_EXERCISE AIM_
All lines from the one holding "theory Defs" down to the last line of the entries are to be reproduced exactly, with no other lines.

_MATERIAL FOR THE TASK_
(* Let $(F,G,H)$ be an admissible triple, let $\Omega_{\mathfrak{A}}=(\mathscr{M},\langle\cdot,\cdot\rangle_{\mathscr{M}},\mathsf{D}_{\mathscr{M}},\mathfrak{A},\mathsf{L}_{\mathfrak{A}})$ and $\Omega_{\mathfrak{B}}=(\mathscr{N},\langle\cdot,\cdot\rangle_{\mathscr{N}},\mathsf{D}_{\mathscr{N}},\mathfrak{B},\mathsf{L}_{\mathfrak{B}})$ be metrized quantum vector bundles of type $(F,G,H)$, and let $\gamma=(\Omega_{\mathfrak{A}},\Omega_{\mathfrak{B}},\mathfrak{D},x,\pi_{\mathfrak{A}},\pi_{\mathfrak{B}},(\omega_j)_{j\in J},(\eta_j)_{j\in J})$ be a modular bridge from $\Omega_{\mathfrak{A}}$ to $\Omega_{\mathfrak{B}}$. If $\omega\in\mathscr{M}$ with $\mathsf{D}_{\mathscr{M}}(\omega)\le1$ and $j\in J$ satisfies $\mathrm{k}_{\Omega_{\mathfrak{A}}}(\omega,\omega_j)\le\iota(\gamma)$, then $\mathrm{dn}_\gamma(\omega,\eta_j)\le\rho(\gamma)$; the symmetric statement (with the roles of $\Omega_{\mathfrak{A}}$ and $\Omega_{\mathfrak{B}}$, and of anchors and co-anchors, exchanged) also holds. Consequently $$\max\left\{\begin{array}{l}\sup_{a\in\mathfrak{sa}(\mathfrak{A}),\mathsf{L}_{\mathfrak{A}}(a)\le1}\ \inf_{b\in\mathfrak{sa}(\mathfrak{B}),\mathsf{L}_{\mathfrak{B}}(b)\le1}\mathrm{bn}_\gamma(a,b),\\ \sup_{b\in\mathfrak{sa}(\mathfrak{B}),\mathsf{L}_{\mathfrak{B}}(b)\le1}\ \inf_{a\in\mathfrak{sa}(\mathfrak{A}),\mathsf{L}_{\mathfrak{A}}(a)\le1}\mathrm{bn}_\gamma(a,b),\\ \sup_{\omega\in\mathscr{D}_1(\Omega_{\mathfrak{A}})}\ \inf_{\eta\in\mathscr{D}_1(\Omega_{\mathfrak{B}})}\mathrm{dn}_\gamma(\omega,\eta),\\ \sup_{\eta\in\mathscr{D}_1(\Omega_{\mathfrak{B}})}\ \inf_{\omega\in\mathscr{D}_1(\Omega_{\mathfrak{A}})}\mathrm{dn}_\gamma(\omega,\eta)\end{array}\right\}\le\rho(\gamma).$$
   Context: Notation: for a unital C*-algebra $\mathfrak{A}$, $\mathfrak{sa}(\mathfrak{A})$ denotes the set of self-adjoint elements and $\mathscr{S}(\mathfrak{A})$ the state space; $\Re a=(a+a^* )/2$, $\Im a=(a-a^* )/(2i)$; $a\circ b=(ab+ba)/2$, $\{a,b\}=(ab-ba)/(2i)$. Convention: a seminorm $\mathsf{L}$ defined on a subspace $\mathrm{dom}(\mathsf{L})$ is extended by $\infty$ outside it, with $0\cdot\infty=0$. A function $F:[0,\infty)^4\to[0,\infty)$ is admissible if it is nondecreasing for the product order and $x_1x_3+x_2x_4\le F(x_1,x_2,x_3,x_4)$. An $F$-quasi-Leibniz quantum compact metric space $(\mathfrak{A},\mathsf{L})$ is a unital C*-algebra $\mathfrak{A}$ with a seminorm $\mathsf{L}$ on a dense subspace $\mathrm{dom}(\mathsf{L})\subseteq\mathfrak{sa}(\mathfrak{A})$ closed under $\circ$ and $\{\cdot,\cdot\}$, such that: (i) $\{a\in\mathrm{dom}(\mathsf{L}):\mathsf{L}(a)=0\}=\mathbb{R}1_{\mathfrak{A}}$; (ii) $\mathrm{mk}_{\mathsf{L}}(\varphi,\psi)=\sup\{|\varphi(a)-\psi(a)|:a\in\mathfrak{sa}(\mathfrak{A}),\mathsf{L}(a)\le1\}$ metrizes the weak* topology on $\mathscr{S}(\mathfrak{A})$; (iii) $\{a:\mathsf{L}(a)\le1\}$ is norm closed; (iv) $\max\{\mathsf{L}(a\circ b),\mathsf{L}(\{a,b\})\}\le F(\|a\|,\|b\|,\mathsf{L}(a),\mathsf{L}(b))$ for $a,b\in\mathrm{dom}(\mathsf{L})$. A triple $(F,G,H)$ is admissible if $F$ is admissible, $G:[0,\infty)^3\to[0,\infty)$ is nondecreasing in each variable with $(x+y)z\le G(x,y,z)$, and $H:[0,\infty)^2\to[0,\infty)$ is nondecreasing in each variable with $2xy\le H(x,y)$. A left Hilbert $\mathfrak{A}$-module $(\mathscr{M},\langle\cdot,\cdot\rangle_{\mathscr{M}})$ is a left $\mathfrak{A}$-module with a map $\langle\cdot,\cdot\rangle_{\mathscr{M}}:\mathscr{M}\times\mathscr{M}\to\mathfrak{A}$, linear in the first and conjugate-linear in the second variable, with $\langle a\omega,\eta\rangle=a\langle\omega,\eta\rangle$, $\langle\omega,\eta\rangle^*=\langle\eta,\omega\rangle$, $\langle\omega,\omega\rangle\ge0$ with equality only for $\omega=0$, and complete for $\|\omega\|_{\mathscr{M}}=\|\langle\omega,\omega\rangle_{\mathscr{M}}\|_{\mathfrak{A}}^{1/2}$. A metrized quantum vector bundle of type $(F,G,H)$ is a tuple $\Omega=(\mathscr{M},\langle\cdot,\cdot\rangle_{\mathscr{M}},\mathsf{D},\mathfrak{A},\mathsf{L})$ where $(\mathfrak{A},\mathsf{L})$ is an $F$-quasi-Leibniz quantum compact metric space (the base space), $(\mathscr{M},\langle\cdot,\cdot\rangle_{\mathscr{M}})$ is a left Hilbert $\mathfrak{A}$-module, and $\mathsf{D}$ (the D-norm) is a norm on a dense complex subspace $\mathrm{dom}(\mathsf{D})$ of $\mathscr{M}$ (extended by $\infty$) such that: (1) $\|\omega\|_{\mathscr{M}}\le\mathsf{D}(\omega)$; (2) $\{\omega:\mathsf{D}(\omega)\le1\}$ is compact for $\|\cdot\|_{\mathscr{M}}$; (3) $\mathsf{D}(a\omega)\le G(\|a\|_{\mathfrak{A}},\mathsf{L}(a),\mathsf{D}(\omega))$ for $a\in\mathfrak{sa}(\mathfrak{A})$, $\omega\in\mathscr{M}$; (4) $\max\{\mathsf{L}(\Re\langle\omega,\eta\rangle_{\mathscr{M}}),\mathsf{L}(\Im\langle\omega,\eta\rangle_{\mathscr{M}})\}\le H(\mathsf{D}(\omega),\mathsf{D}(\eta))$. For $r\ge0$, $\mathscr{D}_r(\Omega)=\{\omega:\mathsf{D}(\omega)\le r\}$. The modular Monge–Kantorovich metric is $\mathrm{k}_\Omega(\omega,\eta)=\sup\{\|\langle\omega,\xi\rangle_{\mathscr{M}}-\langle\eta,\xi\rangle_{\mathscr{M}}\|_{\mathfrak{A}}:\xi\in\mathscr{D}_1(\Omega)\}$. Hausdorff distance: for a pseudo-metric $d$ on a set $X$ and nonempty $A,B\subseteq X$, $\mathrm{Haus}_d(A,B)=\max\{\sup_{a\in A}\inf_{b\in B}d(a,b),\sup_{b\in B}\inf_{a\in A}d(a,b)\}$. For a unital C*-algebra $\mathfrak{D}$ and $x\in\mathfrak{D}$, the 1-level set is $\mathscr{S}_1(\mathfrak{D}|x)=\{\varphi\in\mathscr{S}(\mathfrak{D}):\varphi((1-x)^*(1-x))=\varphi((1-x)(1-x)^* )=0\}$. Modular bridge: given metrized quantum vector bundles $\Omega_{\mathfrak{A}}=(\mathscr{M},\langle\cdot,\cdot\rangle_{\mathscr{M}},\mathsf{D}_{\mathscr{M}},\mathfrak{A},\mathsf{L}_{\mathfrak{A}})$ and $\Omega_{\mathfrak{B}}=(\mathscr{N},\langle\cdot,\cdot\rangle_{\mathscr{N}},\mathsf{D}_{\mathscr{N}},\mathfrak{B},\mathsf{L}_{\mathfrak{B}})$, a modular bridge from $\Omega_{\mathfrak{A}}$ to $\Omega_{\mathfrak{B}}$ is a tuple $\gamma=(\Omega_{\mathfrak{A}},\Omega_{\mathfrak{B}},\mathfrak{D},x,\pi_{\mathfrak{A}},\pi_{\mathfrak{B}},(\omega_j)_{j\in J},(\eta_j)_{j\in J})$ where $\mathfrak{D}$ is a unital C*-algebra, $x\in\mathfrak{D}$ (the pivot) satisfies $\|x\|_{\mathfrak{D}}=1$ and $\mathscr{S}_1(\mathfrak{D}|x)\neq\emptyset$, $\pi_{\mathfrak{A}}:\mathfrak{A}\to\mathfrak{D}$ and $\pi_{\mathfrak{B}}:\mathfrak{B}\to\mathfrak{D}$ are unital injective $*$-morphisms, $J$ is a nonempty set, $\mathsf{D}_{\mathscr{M}}(\omega_j)\le1$ (anchors) and $\mathsf{D}_{\mathscr{N}}(\eta_j)\le1$ (co-anchors) for all $j\in J$. Associated quantities: the bridge seminorm $\mathrm{bn}_\gamma(a,b)=\|\pi_{\mathfrak{A}}(a)x-x\pi_{\mathfrak{B}}(b)\|_{\mathfrak{D}}$ for $a\in\mathfrak{A},b\in\mathfrak{B}$; the basic reach $\rho_\flat(\gamma)=\max\{\sup_{a\in\mathfrak{sa}(\mathfrak{A}),\mathsf{L}_{\mathfrak{A}}(a)\le1}\inf_{b\in\mathfrak{sa}(\mathfrak{B}),\mathsf{L}_{\mathfrak{B}}(b)\le1}\mathrm{bn}_\gamma(a,b),\ \sup_{b\in\mathfrak{sa}(\mathfrak{B}),\mathsf{L}_{\mathfrak{B}}(b)\le1}\inf_{a\in\mathfrak{sa}(\mathfrak{A}),\mathsf{L}_{\mathfrak{A}}(a)\le1}\mathrm{bn}_\gamma(a,b)\}$; the height $\varsigma(\gamma)=\max\{\mathrm{Haus}_{\mathrm{mk}_{\mathsf{L}_{\mathfrak{A}}}}(\mathscr{S}(\mathfrak{A}),\{\psi\circ\pi_{\mathfrak{A}}:\psi\in\mathscr{S}_1(\mathfrak{D}|x)\}),\ \mathrm{Haus}_{\mathrm{mk}_{\mathsf{L}_{\mathfrak{B}}}}(\mathscr{S}(\mathfrak{B}),\{\psi\circ\pi_{\mathfrak{B}}:\psi\in\mathscr{S}_1(\mathfrak{D}|x)\})\}$; the deck seminorm on $\mathscr{M}\oplus\mathscr{N}$, $\mathrm{dn}_\gamma(\omega,\eta)=\sup_{k\in J}\max\{\mathrm{bn}_\gamma(\langle\omega,\omega_k\rangle_{\mathscr{M}},\langle\eta,\eta_k\rangle_{\mathscr{N}}),\ \mathrm{bn}_\gamma(\langle\omega_k,\omega\rangle_{\mathscr{M}},\langle\eta_k,\eta\rangle_{\mathscr{N}})\}$; the modular reach $\rho_\sharp(\gamma)=\sup_{j\in J}\mathrm{dn}_\gamma(\omega_j,\eta_j)$; the imprint $\iota(\gamma)=\max\{\mathrm{Haus}_{\mathrm{k}_{\Omega_{\mathfrak{A}}}}(\{\omega_j:j\in J\},\mathscr{D}_1(\Omega_{\mathfrak{A}})),\ \mathrm{Haus}_{\mathrm{k}_{\Omega_{\mathfrak{B}}}}(\{\eta_j:j\in J\},\mathscr{D}_1(\Omega_{\mathfrak{B}}))\}$; the reach $\rho(\gamma)=\max\{\rho_\flat(\gamma),\rho_\sharp(\gamma)+\iota(\gamma)\}$; the length $\lambda(\gamma)=\max\{\varsigma(\gamma),\rho(\gamma)\}$. *)

theory Defs
  imports "HOL-Analysis.Analysis"
begin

_ANSWER SPACE_
theory Defs
  imports "HOL-Analysis.Analysis"
begin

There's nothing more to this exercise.